A 20 g lead bullet leaves a rifle at a temperature of 47 degrees celcieus and travels at a velocity of 500 m/s until it hits a large block of ice at 0 degrees celcuis and comes to rest within it. How much ice will melt?
KEbullet+heatlosstocoolbullet=massice*Hf
1/2 m v^2+ m(specheatlead)(47)=Massice*Heatfusionice
To calculate the amount of ice that will melt, we need to consider the heat transferred from the lead bullet to the ice block until it reaches the same temperature.
First, let's find the initial heat energy of the bullet using the formula:
Q = mcΔT
Where:
Q is the heat energy
m is the mass of the bullet
c is the specific heat capacity of lead
ΔT is the change in temperature
Given:
Mass of the bullet (m) = 20 g = 0.02 kg
Initial temperature of the bullet (T1) = 47°C = 320 K
Final temperature of the bullet (T2) = 0°C = 273 K
Specific heat capacity of lead (c) = 128 J/kg°C
Using the formula, we can calculate the initial heat energy (Q):
Q = mcΔT
Q = (0.02 kg) * (128 J/kg°C) * (273 K - 320 K)
Q = (0.02 kg) * (128 J/kg°C) * (-47 K)
Q = -120.32 J
The negative sign indicates that energy is lost from the bullet and gained by the ice block. The bullet transfers this energy to the ice as heat.
The heat energy transferred to the ice (Q) is then used to melt a certain amount of ice, which can be calculated using the latent heat of fusion.
The latent heat of fusion (L) for ice is the amount of energy required to convert one gram of ice at 0°C into water at 0°C. Its value is 334 J/g.

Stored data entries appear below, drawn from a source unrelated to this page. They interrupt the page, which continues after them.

lemma interval_family_separating_image:
  fixes \<sigma> :: "'a \<Rightarrow> real"
  assumes "finite P" "E \<subseteq> P" "inj_on \<sigma> P" "\<And>e. e \<in> P \<Longrightarrow> 0 \<le> \<sigma> e"
    and "card E \<le> k \<or> card (P - E) < k"
  obtains Is where "interval_family k Is" "\<And>e. e \<in> P \<Longrightarrow> e \<in> E \<longleftrightarrow> \<sigma> e \<in> (\<Union>i<k. Is i)"
proof -
  have fin_E: "finite E"
    using assms(1,2) finite_subset by blast
  then have "finite (\<sigma> ` E)" "finite (\<sigma> ` (P - E))"
    using assms(1) by simp_all
  moreover have "\<sigma> ` E \<inter> \<sigma> ` (P - E) = {}"
    using inj_on_image_Int[OF assms(3,2), of "P - E"] by auto
  moreover have "\<sigma> ` E \<union> \<sigma> ` (P - E) \<subseteq> {0..}"
    using assms(2,4) by auto
  moreover have "card (\<sigma> ` E) \<le> k \<or> card (\<sigma> ` (P - E)) < k"
    using assms(5) card_image_le[OF fin_E, of \<sigma>] card_image_le[of "P - E" \<sigma>] assms(1) by auto
  ultimately obtain Is where Is: "interval_family k Is" "\<sigma> ` E \<subseteq> (\<Union>i<k. Is i)"
    "\<sigma> ` (P - E) \<inter> (\<Union>i<k. Is i) = {}"
    by (rule interval_family_separating)
  have "e \<in> E \<longleftrightarrow> \<sigma> e \<in> (\<Union>i<k. Is i)" if "e \<in> P" for e
    using that Is(2,3) by blast
  with Is(1) show thesis
    by (rule that)
qed

lemma is_tpath_singleton: "u \<in> N \<Longrightarrow> is_tpath N TE [u] u u"
  by (simp add: is_tpath_def)

lemma is_tpath_two:
  assumes "u \<noteq> v" "u \<in> N" "v \<in> N" "{u, v} \<in> TE"
  shows "is_tpath N TE [u, v] u v"
  unfolding is_tpath_def
proof (intro conjI allI impI)
  fix i assume "Suc i < length [u, v]"
  then show "{[u, v] ! i, [u, v] ! Suc i} \<in> TE"
    using assms(4) by simp
qed (use assms in simp_all)

lemma is_tpath_three:
  assumes "distinct [u, x, v]" "set [u, x, v] \<subseteq> N" "{u, x} \<in> TE" "{x, v} \<in> TE"
  shows "is_tpath N TE [u, x, v] u v"
  unfolding is_tpath_def
proof (intro conjI allI impI)
  fix i assume "Suc i < length [u, x, v]"
  then have "i = 0 \<or> i = 1"
    by auto
  then show "{[u, x, v] ! i, [u, x, v] ! Suc i} \<in> TE"
    using assms(3,4) by auto
qed (use assms in simp_all)

definition star_nodes :: "'a set \<Rightarrow> ('a + nat) set" where
  "star_nodes V = insert (Inr 0) (Inl ` V)"

definition star_edges :: "'a set \<Rightarrow> ('a + nat) set set" where
  "star_edges V = (\<lambda>v. {Inl v, Inr 0}) ` V"

lemma star_edge_hub:
  assumes "{a, b} \<in> star_edges V"
  shows "a = Inr 0 \<longleftrightarrow> b \<noteq> Inr 0"
proof -
  obtain v where "{a, b} = {Inl v, Inr 0}"
    using assms by (auto simp: star_edges_def)
  then show ?thesis
    by (auto simp: doubleton_eq_iff)
qed

lemma star_edges_mem:
  "v \<in> V \<Longrightarrow> {Inl v, Inr 0} \<in> star_edges V" "v \<in> V \<Longrightarrow> {Inr 0, Inl v} \<in> star_edges V"
  by (auto simp: star_edges_def insert_commute)

lemma star_connected:
  assumes "u \<in> star_nodes V" "v \<in> star_nodes V"
  shows "\<exists>p. is_tpath (star_nodes V) (star_edges V) p u v"
proof -
  consider "u = v" | b where "u = Inr 0" "v = Inl b" "b \<in> V" | a where "u = Inl a" "v = Inr 0" "a \<in> V"
    | a b where "u = Inl a" "v = Inl b" "a \<noteq> b" "a \<in> V" "b \<in> V"
    using assms by (auto simp: star_nodes_def)
  then show ?thesis
  proof cases
    case 1
    then show ?thesis
      using assms(1) is_tpath_singleton by metis
  next
    case 2
    then show ?thesis
      by (intro exI[of _ "[u, v]"] is_tpath_two) (simp_all add: star_nodes_def star_edges_mem)
  next
    case 3
    then show ?thesis
      by (intro exI[of _ "[u, v]"] is_tpath_two) (simp_all add: star_nodes_def star_edges_mem)
  next
    case 4
    then show ?thesis
      by (intro exI[of _ "[u, Inr 0, v]"] is_tpath_three) (simp_all add: star_nodes_def star_edges_mem)
  qed
qed

lemma star_no_cycle: "\<not> is_cycle (star_edges V) c"
proof
  assume c: "is_cycle (star_edges V) c"
  then have len: "3 \<le> length c" and dist: "distinct c"
    and edge: "\<And>i. Suc i < length c \<Longrightarrow> c ! i = Inr 0 \<longleftrightarrow> c ! Suc i \<noteq> Inr 0"
    and closing: "last c = Inr 0 \<longleftrightarrow> hd c \<noteq> Inr 0"
    unfolding is_cycle_def by (auto dest: star_edge_hub)
  have unique: "i = j" if "i < length c" "j < length c" "c ! i = Inr 0" "c ! j = Inr 0" for i j
    using nth_eq_iff_index_eq[OF dist that(1,2)] that(3,4) by simp
  have hub: "c ! 1 = Inr 0"
  proof (rule ccontr)
    assume "c ! 1 \<noteq> Inr 0"
    then have "c ! 0 = Inr 0" "c ! 2 = Inr 0"
      using edge[of 0] edge[of 1] len by (auto simp: numeral_2_eq_2)
    moreover have "0 < length c" "2 < length c"
      using len by auto
    ultimately show False
      using unique[of 0 2] by simp
  qed
  have ne: "c \<noteq> []"
    using len by auto
  then have "hd c = c ! 0" "last c = c ! (length c - 1)"
    by (simp_all add: hd_conv_nth last_conv_nth)
  moreover have "c ! 0 \<noteq> Inr 0" "c ! (length c - 1) \<noteq> Inr 0"
    using unique[of 1 0] unique[of 1 "length c - 1"] hub len ne by auto
  ultimately show False
    using closing by simp
qed

lemma star_weighted_tree:
  assumes "finite V" "\<And>e. e \<in> star_edges V \<Longrightarrow> 0 \<le> w e"
  shows "weighted_tree (star_nodes V) (star_edges V) w"
  unfolding weighted_tree_def
proof (intro conjI ballI)
  show "finite (star_nodes V)" "star_nodes V \<noteq> {}"
    using assms(1) by (simp_all add: star_nodes_def)
  show "star_edges V \<subseteq> {{x, y} |x y. x \<in> star_nodes V \<and> y \<in> star_nodes V \<and> x \<noteq> y}"
    by (auto simp: star_nodes_def star_edges_def)
  show "\<nexists>c. is_cycle (star_edges V) c"
    using star_no_cycle by blast
qed (use assms(2) star_connected in auto)

lemma star_leaves:
  assumes "2 \<le> card V"
  shows "tree_leaves (star_nodes V) (star_edges V) = Inl ` V"
proof -
  have "{e \<in> star_edges V. Inr 0 \<in> e} = star_edges V"
    by (auto simp: star_edges_def)
  moreover have "card (star_edges V) = card V"
    unfolding star_edges_def by (rule card_image) (auto simp: inj_on_def doubleton_eq_iff)
  moreover have "{e \<in> star_edges V. Inl v \<in> e} = {{Inl v, Inr 0}}" if "v \<in> V" for v
    using that by (auto simp: star_edges_def)
  ultimately show ?thesis
    using assms by (auto simp: tree_leaves_def star_nodes_def)
qed

lemma star_tpath_iff:
  assumes "u \<in> V" "v \<in> V" "u \<noteq> v"
  shows "is_tpath (star_nodes V) (star_edges V) p (Inl u) (Inl v) \<longleftrightarrow> p = [Inl u, Inr 0, Inl v]"
proof
  assume p: "is_tpath (star_nodes V) (star_edges V) p (Inl u) (Inl v)"
  then have ne: "p \<noteq> []" and dist: "distinct p"
    and first: "p ! 0 = Inl u" and final: "p ! (length p - 1) = Inl v"
    and edge: "\<And>i. Suc i < length p \<Longrightarrow> p ! i = Inr 0 \<longleftrightarrow> p ! Suc i \<noteq> Inr 0"
    unfolding is_tpath_def by (auto simp: hd_conv_nth last_conv_nth dest: star_edge_hub)
  have unique: "i = j" if "i < length p" "j < length p" "p ! i = Inr 0" "p ! j = Inr 0" for i j
    using nth_eq_iff_index_eq[OF dist that(1,2)] that(3,4) by simp
  have "length p \<noteq> 1"
    using first final assms(3) by auto
  then have hub: "p ! 1 = Inr 0" "1 < length p"
    using edge[of 0] first ne by (auto simp: Suc_lessI)
  have "length p \<noteq> 2"
    using final hub by auto
  moreover have "\<not> 3 < length p"
  proof
    assume long: "3 < length p"
    then have "p ! 2 \<noteq> Inr 0"
      using unique[of 1 2] hub by auto
    then have "p ! 3 = Inr 0"
      using edge[of 2] long by (simp add: numeral_3_eq_3)
    then show False
      using unique[of 1 3] hub long by auto
  qed
  ultimately have "length p = 3"
    using hub by linarith
  then show "p = [Inl u, Inr 0, Inl v]"
    using first hub final by (auto intro!: nth_equalityI simp: less_Suc_eq numeral_3_eq_3)
next
  assume "p = [Inl u, Inr 0, Inl v]"
  then show "is_tpath (star_nodes V) (star_edges V) p (Inl u) (Inl v)"
    using assms by (simp add: is_tpath_three star_nodes_def star_edges_mem)
qed

lemma star_tree_dist:
  assumes "u \<in> V" "v \<in> V" "u \<noteq> v"
  shows "tree_dist (star_nodes V) (star_edges V) w (Inl u) (Inl v) =
    w {Inl u, Inr 0} + w {Inr 0, Inl v}"
  using assms by (simp add: tree_dist_def star_tpath_iff path_weight_def numeral_2_eq_2)

lemma twice_choose_two: "2 * (n choose 2) = n * (n - 1)"
  by (induction n) (simp_all add: numeral_2_eq_2 algebra_simps)

lemma choose_two_less_twice_ceiling:
  "n choose 2 < 2 * nat \<lceil>real n ^ 2 / 4 - real n / 4 + 1 / 2\<rceil>"
proof -
  let ?c = "nat \<lceil>real n ^ 2 / 4 - real n / 4 + 1 / 2\<rceil>"
  have "2 * real (n choose 2) = real n ^ 2 - real n"
    using arg_cong[OF twice_choose_two[of n], of real]
    by (cases n) (simp_all add: power2_eq_square algebra_simps)
  moreover have "real n ^ 2 / 4 - real n / 4 + 1 / 2 \<le> real ?c"
    by linarith
  ultimately have "real (n choose 2) < 2 * real ?c"
    by linarith
  then show ?thesis
    by (metis of_nat_less_iff of_nat_mult of_nat_numeral)
qed

lemma bit_sum_of_two_powers_iff:
  assumes "a \<noteq> b"
  shows "bit ((2::nat) ^ a + 2 ^ b) n \<longleftrightarrow> n = a \<or> n = b"
  using assms by (subst bit_disjunctive_add_iff) (auto simp: bit_exp_iff)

Next, let's calculate the amount of ice melted (melted mass) using the formula:
melted mass = Q / L
Given:
Q = -120.32 J
L = 334 J/g
melted mass = (-120.32 J) / (334 J/g)
Converting J to grams (1 g = 1 J):
melted mass = (-120.32 g) / (334 g)
melted mass ≈ 0.36 g or 0.00036 kg
Therefore, approximately 0.36 grams (or 0.00036 kg) of ice will melt when the lead bullet hits the ice block and comes to rest within it.